Strange Names in Nona the Ninth
Nona’s gang of kids, plus the Angel, all appear to have weird names because they are Nona’s transliterations of their names in their native languages into the language of the Nine Houses.
Hot Sauce nodded. Nona guessed again, “Born in the Morning.”
“You mean Born in the Morning,” said Hot Sauce.
“That’s what I said,” said Nona.
There are seventeen local languages (according to Ianthe) on New Rho. Nona can speak all of them, without really understanding what she’s doing, so she understands the names she hears and the meaning of these names to be synonymous.
Nona understood everybody, and could speak back to them so that they understood her, and nobody ever said she had an accent. This confounded Palamedes. When she first said that she could speak back by watching them talk and making her lips look like theirs, it confounded him so much more that it gave Camilla a headache.
(I think the same thing’s going on with The Building that Troia cell lives in; I think it’s a word in another language that means building and is used as an official name for the building, but I have no guesses as to what that could be.)
I believe Nona is able to do this both because she is Alecto, who plays the role of the Holy Spirit in Tamsyn's Catholic Trinity 2.0, and the Holy Spirit gave the Apostles the gift of tongues during Pentecost, and because she is the soul of Earth. The languages spoken on New Rho presumably came from Earth, so of course she can speak all of them!
This is my attempt to reverse engineer all of these names into House / English.
The Angel / The Messenger
BOE calls Aim "the Messenger" and the children and Nona call her "the Angel.”
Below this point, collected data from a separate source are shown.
theorem ordering_with_vershik_map:
  "\<exists>\<omega> \<phi>. is_ordering V E r \<omega> \<and> vershik_map E s r \<omega> \<phi> \<and>
           max_paths E s r \<omega> = M ` Vt \<and> min_paths E s r \<omega> = m ` Vb \<and>
           (\<forall>n\<ge>2. \<forall>w\<in>V. max_edge E r \<omega> n (et n w) \<and> min_edge E r \<omega> n (eb n w)) \<and>
           (\<forall>t\<in>Vt. \<phi> (M t) = m (\<sigma> t))"
proof (intro exI conjI)
  show "vershik_map E s r order_rel phi"
    unfolding vershik_map_def using phi_homeomorphic phi_max_paths phi_vershik_step by blast
qed (use order_rel_is_ordering max_paths_eq min_paths_eq skeleton_edges_extremal phi_M in auto)

end

section \<open>Existence of linked lists and the theorem\<close>

lemma strict_rank_BD_facts:
  assumes "strict_rank_BD d v0 V E s r"
  shows "finite V" "\<And>n. 1 \<le> n \<Longrightarrow> finite (E n)" "\<And>n e. 1 \<le> n \<Longrightarrow> e \<in> E n \<Longrightarrow> r n e \<in> V"
    "\<And>n e. 2 \<le> n \<Longrightarrow> e \<in> E n \<Longrightarrow> s n e \<in> V"
    "\<And>n v. 1 \<le> n \<Longrightarrow> v \<in> V \<Longrightarrow> 2 \<le> card (rinv E r n v)"
proof -
  fix n e assume "2 \<le> n" "e \<in> E n"
  then have "s n e \<in> lvl v0 V (n - 1)" using assms by (simp add: strict_rank_BD_def)
  then show "s n e \<in> V" using \<open>2 \<le> n\<close> by (simp add: lvl_def)
qed (use assms in \<open>simp_all add: strict_rank_BD_def\<close>)

definition admissible_list ::
  "(nat \<Rightarrow> 'e set) \<Rightarrow> (nat \<Rightarrow> 'e \<Rightarrow> 'v) \<Rightarrow> (nat \<Rightarrow> 'e \<Rightarrow> 'v) \<Rightarrow> 'v set \<Rightarrow> 'v set
    \<Rightarrow> ('v \<Rightarrow> nat \<Rightarrow> 'e) \<Rightarrow> ('v \<Rightarrow> nat \<Rightarrow> 'e) \<Rightarrow> ('v \<Rightarrow> 'v) \<Rightarrow> ('v \<Rightarrow> 'v)
    \<Rightarrow> (nat \<Rightarrow> 'v \<Rightarrow> 'e) \<Rightarrow> (nat \<Rightarrow> 'v \<Rightarrow> 'e) \<Rightarrow> ('v \<Rightarrow> 'v) \<Rightarrow> nat \<Rightarrow> nat \<Rightarrow> 'v \<Rightarrow> 'e list \<Rightarrow> bool"
where
  "admissible_list E s r Vt Vb M m vt vb et eb \<sigma> K n u xs \<longleftrightarrow>
     distinct xs \<and> set xs = rinv E r n u \<and>
     (n = 1 \<longrightarrow> (u \<in> Vt \<longrightarrow> last xs = M u 0) \<and> (u \<in> Vb \<longrightarrow> hd xs = m u 0)) \<and>
     (2 \<le> n \<longrightarrow> hd xs = eb n u \<and> last xs = et n u) \<and>
     (K \<le> n \<longrightarrow> successively (\<lambda>e e'. \<sigma> (vt (s n e)) = vb (s n e')) xs)"

text \<open>Admissible lists exist at every level, provided the levels from K on are positively
  strongly connected and balanced (these are the levels n with incidence matrix F_{n-1}).\<close>
lemma admissible_list_exists:
  assumes BD: "strict_rank_BD d v0 V E s r"
    and skel: "skeleton V E s r Vt Vb M m vt vb et eb" and sigma: "bij_betw \<sigma> Vt Vb"
    and K: "2 \<le> K" and n: "1 \<le> n" and u: "u \<in> V"
    and deep: "K \<le> n \<Longrightarrow> pos_strongly_connected V E s r Vt Vb vt vb et \<sigma> (n - 1) \<and>
          (\<forall>u\<in>V. \<forall>t\<in>Vt. (\<Sum>w\<in>{w\<in>V. vt w = t}. incid_t E s r et (n - 1) u w)
                        = (\<Sum>w\<in>{w\<in>V. vb w = \<sigma> t}. incid_t E s r eb (n - 1) u w))"
  shows "\<exists>xs. admissible_list E s r Vt Vb M m vt vb et eb \<sigma> K n u xs"
proof -
  note BD_facts = strict_rank_BD_facts[OF BD]
  have fin: "finite (rinv E r n u)" using BD_facts(2)[OF n] by (simp add: rinv_def)
  have ends: "et n u \<in> rinv E r n u" "eb n u \<in> rinv E r n u" "et n u \<noteq> eb n u" if "2 \<le> n"
    using skel that u unfolding skeleton_def by blast+
  consider "n = 1" | "2 \<le> n" "n < K" | "K \<le> n" using n by linarith
  then show ?thesis
  proof cases
    case 1
    have "u \<in> Vb \<Longrightarrow> m u 0 \<in> rinv E r n u" "u \<in> Vt \<Longrightarrow> M u 0 \<in> rinv E r n u"
      using skel 1 by (auto simp: skeleton_def rinv_def path_space_def)
    moreover have "u \<in> Vb \<Longrightarrow> u \<in> Vt \<Longrightarrow> m u 0 \<noteq> M u 0"
      using skel unfolding skeleton_def by (metis IntI)
    ultimately obtain xs where "distinct xs" "set xs = rinv E r n u"
      "u \<in> Vb \<longrightarrow> hd xs = m u 0" "u \<in> Vt \<longrightarrow> last xs = M u 0"
      using list_with_optional_ends[OF fin BD_facts(5)[OF n u]] by metis
    then show ?thesis using 1 K by (auto simp: admissible_list_def)
  next
    case 2
    then obtain xs where "distinct xs" "set xs = rinv E r n u" "hd xs = eb n u" "last xs = et n u"
      using list_with_ends[OF fin] ends by metis
    then show ?thesis using 2 by (auto simp: admissible_list_def)
  next
    case 3
    then obtain n' where n': "n = Suc n'" using K by (cases n) auto
    interpret level: level_at_vertex V E s r Vt Vb vt vb et eb \<sigma> n' u
      using BD_facts skel sigma u ends K 3 unfolding n'
      by unfold_locales (auto simp: skeleton_def)
    obtain xs where "distinct xs" "set xs = rinv E r n u" "hd xs = eb n u" "last xs = et n u"
        "successively (\<lambda>e e'. \<sigma> (vt (s n e)) = vb (s n e')) xs"
      using level.euler_ordering deep[OF 3] u unfolding n' by auto
    then show ?thesis using 3 K by (auto simp: admissible_list_def)
  qed
qed
lemma inner_L2_scaleV_left: "inner_L2 M (\<lambda>t. c *s g t) h = c * inner_L2 M g h"
  by (simp add: inner_L2_def cinner_scaleV_left)

lemma inner_L2_sum_left:
  assumes "\<And>i. i \<in> I \<Longrightarrow> g i \<in> L2 M" "h \<in> L2 M"
  shows "inner_L2 M (\<lambda>t. \<Sum>i\<in>I. g i t) h = (\<Sum>i\<in>I. inner_L2 M (g i) h)"
proof (cases "finite I")
  case True
  then show ?thesis unfolding inner_L2_def cinner_sum_left
    using assms by (intro Bochner_Integration.integral_sum integrable_cinner_L2) auto
qed (simp add: inner_L2_def cinner_def)

lemma inner_L2_commute: "inner_L2 M h g = cnj (inner_L2 M g h)"
  by (simp add: inner_L2_def cinner_commute[of "h _"])

lemma inner_L2_diff_right:
  "g \<in> L2 M \<Longrightarrow> h \<in> L2 M \<Longrightarrow> k \<in> L2 M \<Longrightarrow>
    inner_L2 M k (\<lambda>t. g t - h t) = inner_L2 M k g - inner_L2 M k h"
  by (subst (1 2 3) inner_L2_commute) (simp add: inner_L2_diff_left)

lemma inner_L2_scaleV_right: "inner_L2 M g (\<lambda>t. c *s h t) = cnj c * inner_L2 M g h"
  by (subst (1 2) inner_L2_commute) (simp add: inner_L2_scaleV_left)

lemma norm_L2_nonneg[simp]: "0 \<le> norm_L2 M h"
  by (simp add: norm_L2_def integral_nonneg_AE)

lemma inner_L2_self: "inner_L2 M h h = of_real (norm_L2 M h ^ 2)"
  by (simp add: inner_L2_def norm_L2_def cinner_self integral_nonneg_AE del: of_real_power)

lemma norm_L2_scaleV: "norm_L2 M (\<lambda>t. c *s h t) = cmod c * norm_L2 M h"
  by (simp add: norm_L2_def norm_scaleV power_mult_distrib real_sqrt_mult)

lemma norm_L2_minus_commute: "norm_L2 M (\<lambda>t. g t - h t) = norm_L2 M (\<lambda>t. h t - g t)"
  by (simp add: norm_L2_def norm_minus_commute)

lemma norm_L2_diff_scaleV_sq:
  assumes g: "g \<in> L2 M" and h: "h \<in> L2 M"
  shows "norm_L2 M (\<lambda>t. g t - c *s h t) ^ 2
    = norm_L2 M g ^ 2 - 2 * Re (cnj c * inner_L2 M g h) + (cmod c)\<^sup>2 * norm_L2 M h ^ 2"
proof -
  have ch: "(\<lambda>t. c *s h t) \<in> L2 M" using h by (rule L2_scaleV)
  have "complex_of_real (norm_L2 M (\<lambda>t. g t - c *s h t) ^ 2)
      = inner_L2 M (\<lambda>t. g t - c *s h t) (\<lambda>t. g t - c *s h t)"
    by (simp add: inner_L2_self)
  also have "\<dots> = inner_L2 M g g - (cnj c * inner_L2 M g h + cnj (cnj c * inner_L2 M g h))
      + c * cnj c * inner_L2 M h h"
    using g h ch L2_diff[OF g ch]
    by (simp add: inner_L2_diff_left inner_L2_diff_right inner_L2_scaleV_left
        inner_L2_scaleV_right inner_L2_commute[of M h g] algebra_simps)
  also have "\<dots> = complex_of_real (norm_L2 M g ^ 2 - 2 * Re (cnj c * inner_L2 M g h)
      + (cmod c)\<^sup>2 * norm_L2 M h ^ 2)"
    by (subst complex_add_cnj) (simp add: inner_L2_self complex_norm_square del: of_real_power)
  finally show ?thesis
    using of_real_eq_iff by blast
qed

lemma norm_L2_add_le:
  assumes g: "g \<in> L2 M" and h: "h \<in> L2 M"
  shows "norm_L2 M (\<lambda>t. g t + h t) \<le> norm_L2 M g + norm_L2 M h"
proof (rule power2_le_imp_le)
  have "norm_L2 M (\<lambda>t. g t + h t) ^ 2 = norm_L2 M g ^ 2 + 2 * Re (inner_L2 M g h) + norm_L2 M h ^ 2"
    using norm_L2_diff_scaleV_sq[OF g h, of "-1"] by (simp add: vector_sneg_minus1[symmetric])
  also have "\<dots> \<le> norm_L2 M g ^ 2 + 2 * (norm_L2 M g * norm_L2 M h) + norm_L2 M h ^ 2"
    using complex_Re_le_cmod[of "inner_L2 M g h"] norm_inner_L2_le[OF g h] by simp
  also have "\<dots> = (norm_L2 M g + norm_L2 M h) ^ 2"
    by (simp add: power2_sum)
  finally show "norm_L2 M (\<lambda>t. g t + h t) ^ 2 \<le> (norm_L2 M g + norm_L2 M h) ^ 2" .
qed simp

lemma norm_L2_triangle:
  assumes "a \<in> L2 M" "b \<in> L2 M" "c \<in> L2 M"
  shows "norm_L2 M (\<lambda>t. a t - c t) \<le> norm_L2 M (\<lambda>t. a t - b t) + norm_L2 M (\<lambda>t. b t - c t)"
  using norm_L2_add_le[OF L2_diff[OF assms(1,2)] L2_diff[OF assms(2,3)]] by simp

lemma norm_L2_parallelogram:
  assumes g: "g \<in> L2 M" and h: "h \<in> L2 M"
  shows "norm_L2 M (\<lambda>t. g t + h t) ^ 2 + norm_L2 M (\<lambda>t. g t - h t) ^ 2
    = 2 * norm_L2 M g ^ 2 + 2 * norm_L2 M h ^ 2"
  using norm_L2_diff_scaleV_sq[OF g h, of "-1"] norm_L2_diff_scaleV_sq[OF g h, of 1]
  by (simp add: vector_sneg_minus1[symmetric])

definition L2_closure :: "'a measure \<Rightarrow> ('a \<Rightarrow> complex^'n) set \<Rightarrow> ('a \<Rightarrow> complex^'n) set" where
  "L2_closure M W = {g \<in> L2 M. \<forall>e>0. \<exists>w\<in>W. norm_L2 M (\<lambda>t. g t - w t) < e}"

definition L2_orthogonal :: "'a measure \<Rightarrow> ('a \<Rightarrow> complex^'n) set \<Rightarrow> ('a \<Rightarrow> complex^'n) set" where
  "L2_orthogonal M W = {h \<in> L2 M. \<forall>w\<in>W. inner_L2 M h w = 0}"

definition L2_subspace :: "'a measure \<Rightarrow> ('a \<Rightarrow> complex^'n) set \<Rightarrow> bool" where
  "L2_subspace M W \<longleftrightarrow> W \<subseteq> L2 M \<and> (\<lambda>t. 0) \<in> W \<and> (\<forall>g\<in>W. \<forall>h\<in>W. (\<lambda>t. g t + h t) \<in> W)
     \<and> (\<forall>c. \<forall>g\<in>W. (\<lambda>t. c *s g t) \<in> W)"

lemma L2_subspaceD:
  assumes "L2_subspace M W"
  shows "W \<subseteq> L2 M" "(\<lambda>t. 0) \<in> W"
    and "g \<in> W \<Longrightarrow> h \<in> W \<Longrightarrow> (\<lambda>t. g t + h t) \<in> W"
    and "g \<in> W \<Longrightarrow> (\<lambda>t. c *s g t) \<in> W"
  using assms unfolding L2_subspace_def by auto
lemma pigeonhole_close_distributions:
  fixes P :: "nat \<Rightarrow> 'a \<Rightarrow> real" and N M :: nat
  assumes "finite T" "N > 0" "2 ^ (N + card T) < M"
    and nonneg: "\<And>m t. m < M \<Longrightarrow> t \<in> T \<Longrightarrow> 0 \<le> P m t"
    and total: "\<And>m. m < M \<Longrightarrow> (\<Sum>t\<in>T. P m t) \<le> 1"
  obtains i j where "i < M" "j < M" "i \<noteq> j" "\<And>t. t \<in> T \<Longrightarrow> \<bar>P i t - P j t\<bar> < 1 / N"
proof -
  obtain ts where ts: "set ts = T" "distinct ts"
    using finite_distinct_list[OF assms(1)] by blast
  define level where "level m t = nat \<lfloor>P m t * N\<rfloor>" for m t
  let ?S = "{ks::nat list. length ks = card T \<and> sum_list ks \<le> N}"
  have "map (level m) ts \<in> ?S" if "m < M" for m
  proof -
    have "real (sum_list (map (level m) ts)) = (\<Sum>t\<in>T. real (level m t))"
      using sum_list_distinct_conv_sum_set[OF ts(2)] ts(1) by (metis of_nat_sum)
    also have "\<dots> \<le> (\<Sum>t\<in>T. P m t * N)"
      unfolding level_def using nonneg[OF that] by (intro sum_mono) simp
    also have "\<dots> \<le> N"
      using total[OF that] \<open>N > 0\<close> by (simp add: sum_distrib_right[symmetric])
    finally show ?thesis using ts distinct_card[OF ts(2)] by simp
  qed
  then have "card ((\<lambda>m. map (level m) ts) ` {..<M}) \<le> card ?S"
    by (intro card_mono finite_sum_list_le) auto
  also have "\<dots> < card {..<M}"
    using le_less_trans[OF card_sum_list_le assms(3)] by simp
  finally have "\<not> inj_on (\<lambda>m. map (level m) ts) {..<M}"
    using card_image by fastforce
  then obtain i j where ij: "i < M" "j < M" "i \<noteq> j" "map (level i) ts = map (level j) ts"
    unfolding inj_on_def by blast
  show ?thesis
  proof (rule that[OF ij(1-3)])
    fix t assume "t \<in> T"
    then have "level i t = level j t" using ij(4) ts(1) by simp
    then have "\<lfloor>P i t * N\<rfloor> = \<lfloor>P j t * N\<rfloor>"
      unfolding level_def using nonneg ij \<open>t \<in> T\<close> by (simp add: nat_eq_iff2)
    then have "\<bar>P i t * N - P j t * N\<bar> < 1"
      by linarith
    then have "\<bar>P i t - P j t\<bar> * N < 1"
      by (simp add: abs_mult flip: left_diff_distrib)
    then show "\<bar>P i t - P j t\<bar> < 1 / N"
      using \<open>N > 0\<close> by (simp add: field_simps)
  qed
qed

lemma sum_mult_fiberwise_const_le:
  fixes d g :: "'a \<Rightarrow> real"
  assumes "finite W"
    and "\<And>x y. x \<in> W \<Longrightarrow> y \<in> W \<Longrightarrow> f x = f y \<Longrightarrow> g x = g y"
    and "\<And>x. x \<in> W \<Longrightarrow> 0 \<le> g x \<and> g x \<le> 1"
  shows "(\<Sum>x\<in>W. d x * g x) \<le> (\<Sum>t\<in>f ` W. \<bar>\<Sum>x\<in>{x\<in>W. f x = t}. d x\<bar>)"
proof -
  have "(\<Sum>x\<in>W. d x * g x) = (\<Sum>t\<in>f ` W. \<Sum>x\<in>{x\<in>W. f x = t}. d x * g x)"
    by (rule sum.group[symmetric]) (use assms(1) in auto)
  also have "\<dots> \<le> (\<Sum>t\<in>f ` W. \<bar>\<Sum>x\<in>{x\<in>W. f x = t}. d x\<bar>)"
  proof (rule sum_mono)
    fix t assume "t \<in> f ` W"
    then obtain x0 where x0: "x0 \<in> W" "f x0 = t" by blast
    have "(\<Sum>x\<in>{x\<in>W. f x = t}. d x * g x) = g x0 * (\<Sum>x\<in>{x\<in>W. f x = t}. d x)"
      unfolding sum_distrib_left
    proof (intro sum.cong refl)
      fix x assume "x \<in> {x\<in>W. f x = t}"
      then have "g x = g x0" using x0 by (intro assms(2)) auto
      then show "d x * g x = g x0 * d x" by simp
    qed
    also have "\<dots> \<le> g x0 * \<bar>\<Sum>x\<in>{x\<in>W. f x = t}. d x\<bar>"
      using assms(3)[OF x0(1)] by (intro mult_left_mono) auto
    also have "\<dots> \<le> \<bar>\<Sum>x\<in>{x\<in>W. f x = t}. d x\<bar>"
      using assms(3)[OF x0(1)] by (intro mult_left_le_one_le) auto
    finally show "(\<Sum>x\<in>{x\<in>W. f x = t}. d x * g x) \<le> \<bar>\<Sum>x\<in>{x\<in>W. f x = t}. d x\<bar>" .
  qed
  finally show ?thesis .
qed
We Suffer: “Usually you both meeting up with the Messenger, whom you call the Angel, would have been very bad.”
When the Angel first appears, her name is playing on the meaning of “angel” as a caring and godly being – the reader gets that it would make sense for children who love her to see her as an angel, so this remark flies under on the radar:
The Angel was what they called the nondescript, washed-out, dusty-haired personage who came to teach the Hour of Science. Why they called her the Angel was unclear.
But it is clear why they call her The Angel! It comes from a word with two meanings: the Greek word “angelos” originally meant “messenger” and later took on the meaning of “angel” or “messenger of God,” so all names originating from this word have both of those meanings.
Names originating from “angelos” include Angela (English, Spanish), Aniela (Polish), Aingeal (Irish), Anděla (Czech), Andjela (Serbian), Angèle (French), Angiola (Italian), Anzhela (Russian), and diminutives like Angelina.
The name is intended by BOE to mean Messenger, because of her societal role, but Nona is translating the other meaning of her name, Angel, because that meaning is what makes more sense to her given the way she sees and loves the Angel.
It's also possible that BOE has a more formal version of this name as a title for the Messenger and the children's "the Angel" which Nona hears as distinct from "the Messenger" is a diminutive or less formal version of the same name.
Born in the Morning
This name could be Sabah (Arabic), Akinyi (Luo from Kenya), or Asa (Japanese), all names which mean “morning” and more specifically “born in the morning.”
Honesty
This is a bit more difficult and I’m really not sure about any of these. There are quite a few boys' names meaning “honesty.” There are even more names that mean “honest” or “truthful,” but for strictly the noun “honesty” we have these names:
Pheakdei (Khmer, from Cambodia); Satyam, Onnesha, and Sachh (Hindi); Zaka and Sadaqat (Arabic); and Onestà or Onesto (Italian).
I don’t speak any of these languages, so I can’t comment on which name is most likely, and there are probably also way more possibilities that I missed in my deep dive into 457 baby name websites and dictionary translations!
Edit: I've seen "Frank" suggested a lot as a potential name, but I don't think this is likely, because "Honesty" is a noun, and "Frank" is an adjective. I think if Tamsyn intended the name to be a transliteration of "Frank" she would have used the adjective "Honest," not the noun "Honesty " – she doesn't seem the type to overlook something like that.
Beautiful Ruby
I think this name is probably just two names, in an unknown language, one meaning “beautiful” and one meaning “ruby.”
Unfortunately, there are millions of possibilities here and I can’t find any combination that particularly jumps out. If you have more thoughts on this please let me know!
Hot Sauce
Hot Sauce, of course – as a delightful choice that only serves to confuse the reader more with respect to all of these names – is literally just named Hot Sauce. You CAN put it on rice and you CAN put it on bread!!